• Journal of women's health · Jun 2019

    Screening Mammography Among Older Women: A Review of United States Guidelines and Potential Harms.

    • Deborah S Mack and Kate L Lapane.
    • 1 Clinical and Population Health Research Program, Graduate School of Biomedical Sciences, University of Massachusetts Medical School, Worcester, Massachusetts.
    • J Womens Health (Larchmt). 2019 Jun 1; 28 (6): 820-826.

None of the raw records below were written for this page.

(* Let $\epsilon>0$ and $0<p\le 1$. Every $(p,\epsilon p)$-quasirandom bipartite graph is $(2\epsilon^{1/7})$-regular.
   Context: A bipartite graph $G=(U,V;E)$ is regular if all vertices in $U$ have the same degree and all vertices in $V$ have the same degree; its density is $|E|/(|U||V|)$. $d_G(A,B)=e_G(A,B)/(|A||B|)$ for $A\subseteq U$, $B\subseteq V$, where $e_G(A,B)$ is the number of edges between $A$ and $B$. For $u,u'\in U$, $\mathrm{codeg}(u,u')$ is the number of common neighbours of $u,u'$ in $V$. A regular bipartite graph $G=(U,V;E)$ of density $p$ is $(p,\delta)$-quasirandom if all but at most $\delta|U|^2$ ordered pairs $(u,u')\in U^2$ satisfy $\mathrm{codeg}(u,u')\le(1+\delta)p^2|V|$. A bipartite graph $G=(U,V;E)$ of density $p$ is $(\epsilon)$-regular if all $A\subseteq U$, $B\subseteq V$ with $|A|\ge\epsilon|U|$, $|B|\ge\epsilon|V|$ satisfy $|d_G(A,B)-p|\le\epsilon p$. *)

theory Defs
  imports Complex_Main
begin

definition bipartite_graph :: "'a set \<Rightarrow> 'b set \<Rightarrow> ('a \<times> 'b) set \<Rightarrow> bool" where
  "bipartite_graph U V E \<longleftrightarrow> finite U \<and> finite V \<and> E \<subseteq> U \<times> V"

definition edges_between :: "('a \<times> 'b) set \<Rightarrow> 'a set \<Rightarrow> 'b set \<Rightarrow> nat" where
  "edges_between E A B = card (E \<inter> (A \<times> B))"

definition pair_density :: "('a \<times> 'b) set \<Rightarrow> 'a set \<Rightarrow> 'b set \<Rightarrow> real" where
  "pair_density E A B = real (edges_between E A B) / (real (card A) * real (card B))"

definition bdensity :: "'a set \<Rightarrow> 'b set \<Rightarrow> ('a \<times> 'b) set \<Rightarrow> real" where
  "bdensity U V E = real (card E) / (real (card U) * real (card V))"

definition degU :: "('a \<times> 'b) set \<Rightarrow> 'a \<Rightarrow> nat" where
  "degU E u = card {v. (u, v) \<in> E}"

definition degV :: "('a \<times> 'b) set \<Rightarrow> 'b \<Rightarrow> nat" where
  "degV E v = card {u. (u, v) \<in> E}"

definition regular_bipartite :: "'a set \<Rightarrow> 'b set \<Rightarrow> ('a \<times> 'b) set \<Rightarrow> bool" where
  "regular_bipartite U V E \<longleftrightarrow> bipartite_graph U V E \<and>
     (\<forall>u\<in>U. \<forall>u'\<in>U. degU E u = degU E u') \<and>
     (\<forall>v\<in>V. \<forall>v'\<in>V. degV E v = degV E v')"

definition codeg :: "'b set \<Rightarrow> ('a \<times> 'b) set \<Rightarrow> 'a \<Rightarrow> 'a \<Rightarrow> nat" where
  "codeg V E u u' = card {v\<in>V. (u, v) \<in> E \<and> (u', v) \<in> E}"

definition quasirandom :: "real \<Rightarrow> real \<Rightarrow> 'a set \<Rightarrow> 'b set \<Rightarrow> ('a \<times> 'b) set \<Rightarrow> bool" where
  "quasirandom p \<delta> U V E \<longleftrightarrow> regular_bipartite U V E \<and> bdensity U V E = p \<and>
     real (card {(u, u') \<in> U \<times> U. real (codeg V E u u') > (1 + \<delta>) * p\<^sup>2 * real (card V)})
       \<le> \<delta> * real (card U)^2"

definition eps_regular :: "real \<Rightarrow> 'a set \<Rightarrow> 'b set \<Rightarrow> ('a \<times> 'b) set \<Rightarrow> bool" where
  "eps_regular \<epsilon> U V E \<longleftrightarrow> bipartite_graph U V E \<and>
     (\<forall>A B. A \<subseteq> U \<longrightarrow> B \<subseteq> V \<longrightarrow> real (card A) \<ge> \<epsilon> * real (card U) \<longrightarrow>
        real (card B) \<ge> \<epsilon> * real (card V) \<longrightarrow>
        \<bar>pair_density E A B - bdensity U V E\<bar> \<le> \<epsilon> * bdensity U V E)"

end

theory Submission
  imports Defs "HOL-Analysis.Convex"
begin

(*
  For A \<subseteq> U let f(v) = |N(v) \<inter> A|. Since all vertices of U have degree p|V|, the sum of f
  over V is p|A||V|; the sum of f^2 over V is the sum of codeg(u,u') over A \<times> A, which
  quasirandomness bounds by (1 + \<epsilon>p) p^2 |V| |A|^2 plus p|V| for each of the at most
  \<epsilon>p|U|^2 exceptional pairs. So the variance of f is at most 2\<epsilon>p^2|U|^2|V|, and
  Cauchy-Schwarz over B gives (e(A,B) - p|A||B|)^2 \<le> 2\<epsilon>p^2|U|^2|V||B|. For
  |A| \<ge> c|U| and |B| \<ge> c|V| with c = 2\<epsilon>^(1/7) \<le> 1 this is at most (c p |A||B|)^2,
  because c^7 = 128\<epsilon> gives 2\<epsilon> \<le> c^5.
*)

lemma card_Int_Times_eq_sum_fst:
  assumes "finite A" "finite B"
  shows "card (S \<inter> A \<times> B) = (\<Sum>v\<in>B. card {u\<in>A. (u, v) \<in> S})"
proof -
  have "S \<inter> A \<times> B = (\<Union>v\<in>B. {u\<in>A. (u, v) \<in> S} \<times> {v})" by blast
  also have "card \<dots> = (\<Sum>v\<in>B. card ({u\<in>A. (u, v) \<in> S} \<times> {v}))"
    using assms by (intro card_UN_disjoint) auto
  finally show ?thesis by (simp add: card_cartesian_product)
qed

lemma card_Int_Times_eq_sum_snd:
  assumes "finite A" "finite B"
  shows "card (S \<inter> A \<times> B) = (\<Sum>u\<in>A. card {v\<in>B. (u, v) \<in> S})"
proof -
  have "S \<inter> A \<times> B = (\<Union>u\<in>A. {u} \<times> {v\<in>B. (u, v) \<in> S})" by blast
  also have "card \<dots> = (\<Sum>u\<in>A. card ({u} \<times> {v\<in>B. (u, v) \<in> S}))"
    using assms by (intro card_UN_disjoint) auto
  finally show ?thesis by (simp add: card_cartesian_product_singleton)
qed

definition degV_into :: "('a \<times> 'b) set \<Rightarrow> 'a set \<Rightarrow> 'b \<Rightarrow> nat" where
  "degV_into E A v = card {u\<in>A. (u, v) \<in> E}"

lemma edges_between_eq_sum_degV_into:
  assumes "finite A" "finite B"
  shows "edges_between E A B = (\<Sum>v\<in>B. degV_into E A v)"
  unfolding edges_between_def degV_into_def using assms by (rule card_Int_Times_eq_sum_fst)

lemma degU_eq_card:
  assumes "E \<subseteq> U \<times> V"
  shows "degU E u = card {v\<in>V. (u, v) \<in> E}"
  unfolding degU_def using assms by (intro arg_cong[where f=card]) auto

lemma sum_degV_into_eq_sum_degU:
  assumes "E \<subseteq> U \<times> V" "finite A" "finite V"
  shows "(\<Sum>v\<in>V. degV_into E A v) = (\<Sum>u\<in>A. degU E u)"
  unfolding degV_into_def
  using card_Int_Times_eq_sum_fst[OF assms(2,3)] card_Int_Times_eq_sum_snd[OF assms(2,3)]
  by (simp add: degU_eq_card[OF assms(1)])

lemma sum_degV_into_squared_eq_sum_codeg:
  assumes "finite A" "finite V"
  shows "(\<Sum>v\<in>V. (degV_into E A v)\<^sup>2) = (\<Sum>u\<in>A. \<Sum>u'\<in>A. codeg V E u u')"
proof -
  define S where "S = {((u, u'), v). (u, v) \<in> E \<and> (u', v) \<in> E}"
  have "(degV_into E A v)\<^sup>2 = card {x\<in>A \<times> A. (x, v) \<in> S}" for v
  proof -
    have "{x\<in>A \<times> A. (x, v) \<in> S} = {u\<in>A. (u, v) \<in> E} \<times> {u\<in>A. (u, v) \<in> E}"
      unfolding S_def by auto
    then show ?thesis by (simp add: degV_into_def power2_eq_square card_cartesian_product)
  qed
  then have "(\<Sum>v\<in>V. (degV_into E A v)\<^sup>2) = card (S \<inter> (A \<times> A) \<times> V)"
    using card_Int_Times_eq_sum_fst[of "A \<times> A" V S] assms by simp
  also have "\<dots> = (\<Sum>x\<in>A \<times> A. card {v\<in>V. (x, v) \<in> S})"
    using card_Int_Times_eq_sum_snd[of "A \<times> A" V S] assms by simp
  also have "\<dots> = (\<Sum>u\<in>A. \<Sum>u'\<in>A. codeg V E u u')"
    unfolding sum.cartesian_product codeg_def S_def by (intro sum.cong) auto
  finally show ?thesis .
qed

lemma sum_le_threshold_plus_count_above:
  fixes g :: "'a \<Rightarrow> real" and T K :: real
  assumes "finite X" "0 \<le> T" "\<And>x. x \<in> X \<Longrightarrow> g x \<le> K"
  shows "(\<Sum>x\<in>X. g x) \<le> T * card X + K * card {x\<in>X. T < g x}"
proof -
  have "(\<Sum>x\<in>X. g x) \<le> (\<Sum>x\<in>X. T + K * of_bool (T < g x))"
    using assms(2,3) by (intro sum_mono) (fastforce simp: not_less)
  also have "\<dots> = T * card X + K * (\<Sum>x\<in>X. of_bool (T < g x))"
    by (simp add: sum.distrib sum_distrib_left)
  also have "(\<Sum>x\<in>X. of_bool (T < g x) :: real) = card {x\<in>X. T < g x}"
    using assms(1) by (simp add: sum_of_bool_eq Int_def conj_commute)
  finally show ?thesis .
qed

lemma sum_subset_squared_le:
  fixes g :: "'a \<Rightarrow> real"
  assumes "B \<subseteq> V" "finite V"
  shows "(\<Sum>v\<in>B. g v)\<^sup>2 \<le> card B * (\<Sum>v\<in>V. (g v)\<^sup>2)"
proof -
  have "(\<Sum>v\<in>B. g v)\<^sup>2 \<le> card B * (\<Sum>v\<in>B. (g v)\<^sup>2)"
    using sum_squared_le_sum_of_squares[of g B] by (simp add: mult.commute)
  also have "\<dots> \<le> card B * (\<Sum>v\<in>V. (g v)\<^sup>2)"
    using assms by (intro mult_left_mono sum_mono2) auto
  finally show ?thesis .
qed

lemma quasirandom_imp_bipartite_graph:
  "quasirandom p \<delta> U V E \<Longrightarrow> bipartite_graph U V E"
  unfolding quasirandom_def regular_bipartite_def by blast

lemma quasirandom_degU:
  assumes "quasirandom p \<delta> U V E" "0 < p"
  shows "card U > 0" "card V > 0" "u \<in> U \<Longrightarrow> real (degU E u) = p * card V"
proof -
  have reg: "regular_bipartite U V E" and dens: "real (card E) / (real (card U) * real (card V)) = p"
    using assms(1) unfolding quasirandom_def bdensity_def by blast+
  have fin: "finite U" "finite V" and EUV: "E \<subseteq> U \<times> V"
    and deg_eq: "\<And>u u'. u \<in> U \<Longrightarrow> u' \<in> U \<Longrightarrow> degU E u = degU E u'"
    using reg unfolding regular_bipartite_def bipartite_graph_def by blast+
  from dens assms(2) show U0: "card U > 0" and V0: "card V > 0"
    by (auto intro!: gr0I)
  then obtain u0 where u0: "u0 \<in> U" by (metis card_gt_0_iff ex_in_conv)
  have "card E = (\<Sum>u\<in>U. degU E u)"
    using card_Int_Times_eq_sum_snd[OF fin, of E] EUV by (simp add: Int_absorb2 degU_eq_card[OF EUV])
  also have "\<dots> = card U * degU E u0"
    using deg_eq[OF _ u0] by simp
  finally have "real (degU E u0) = p * card V"
    using dens U0 V0 by (simp add: field_simps)
  then show "real (degU E u) = p * card V" if "u \<in> U"
    using deg_eq[OF that u0] by simp
qed

lemma quasirandom_sum_codeg_le:
  assumes "quasirandom p \<delta> U V E" "0 < p" "0 \<le> \<delta>" "A \<subseteq> U"
  shows "real (\<Sum>u\<in>A. \<Sum>u'\<in>A. codeg V E u u')
    \<le> (1 + \<delta>) * p\<^sup>2 * card V * real (card A) ^ 2 + p * card V * \<delta> * real (card U) ^ 2"
proof -
  define T where "T = (1 + \<delta>) * p\<^sup>2 * card V"
  define Bad where "Bad = {(u, u') \<in> U \<times> U. real (codeg V E u u') > T}"
  have bad: "real (card Bad) \<le> \<delta> * real (card U) ^ 2"
    using assms(1) unfolding quasirandom_def Bad_def T_def by blast
  have finU: "finite U" and finV: "finite V" and EUV: "E \<subseteq> U \<times> V"
    using quasirandom_imp_bipartite_graph[OF assms(1)] unfolding bipartite_graph_def by blast+
  have finA: "finite (A \<times> A)" using finU assms(4) finite_subset by blast
  \<comment> \<open>exceptional pairs are only charged their trivial bound, the degree\<close>
  have codeg_le_deg: "real (codeg V E u u') \<le> p * card V" if "u \<in> U" for u u'
  proof -
    have "codeg V E u u' \<le> degU E u"
      unfolding codeg_def degU_eq_card[OF EUV] using finV by (intro card_mono) auto
    then show ?thesis using quasirandom_degU(3)[OF assms(1,2) that] by linarith
  qed
  have "{x\<in>A \<times> A. T < codeg V E (fst x) (snd x)} \<subseteq> Bad"
    using assms(4) unfolding Bad_def by auto
  then have "card {x\<in>A \<times> A. T < codeg V E (fst x) (snd x)} \<le> card Bad"
    by (rule card_mono[rotated]) (auto simp: Bad_def intro: finite_subset[OF _ finite_cartesian_product[OF finU finU]])
  then have count_bad: "real (card {x\<in>A \<times> A. T < codeg V E (fst x) (snd x)}) \<le> \<delta> * real (card U) ^ 2"
    using bad by linarith
  have "real (\<Sum>u\<in>A. \<Sum>u'\<in>A. codeg V E u u')
      \<le> T * card (A \<times> A) + p * card V * card {x\<in>A \<times> A. T < codeg V E (fst x) (snd x)}"
    unfolding sum.cartesian_product of_nat_sum case_prod_beta
    using assms(3,4) codeg_le_deg unfolding T_def
    by (intro sum_le_threshold_plus_count_above finA) auto
  also have "\<dots> \<le> T * real (card A) ^ 2 + p * card V * (\<delta> * real (card U) ^ 2)"
    using count_bad assms(2) by (simp add: card_cartesian_product power2_eq_square mult_left_mono)
  finally show ?thesis unfolding T_def by (simp add: mult_ac)
qed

    AbstractIn the United States, older women (aged ≥65 years) continue to receive routine screening mammography surveillance, despite limited evidence supporting the benefits to this subpopulation. This article reviews screening mammography guidelines and the potential harms of such screening for older women in the United States. Published guidelines and recommendations on screening mammography for older women from professional medical societies and organizations in the United States were reviewed from the mid-20th century to present. Observational data were then synthesized to present the documented harms from screening mammography among older women. In 1976, the American Cancer Society recommended to screen all women aged ≥40 years with no upper age limit. With time, other major U.S. medical societies adopted their own screening guidelines without a consensus on age of screening cessation. A population-wide screening effort has largely continued without an upper age limit and with it, a growing body of literature on the harms of screening older women. Reported harms from screening mammography procedures have included physical pain, psychological distress, excessive use of health services from overdiagnoses/false positives, and undue financial expenses. These costs are particularly pronounced among special populations with limited life expectancies such as those of very advanced age ≥80 years, long-term nursing home residents, and the cognitively impaired. When potential harms, remaining life years, and the viability of available treatments are considered, the burdens of screening mammography often outweigh the benefits for older women. For some cases, an individualized approach to recommendations would be appropriate. National guidelines should be updated to provide clear guidance for screening women of advanced age, especially those in special populations with limited life expectancies.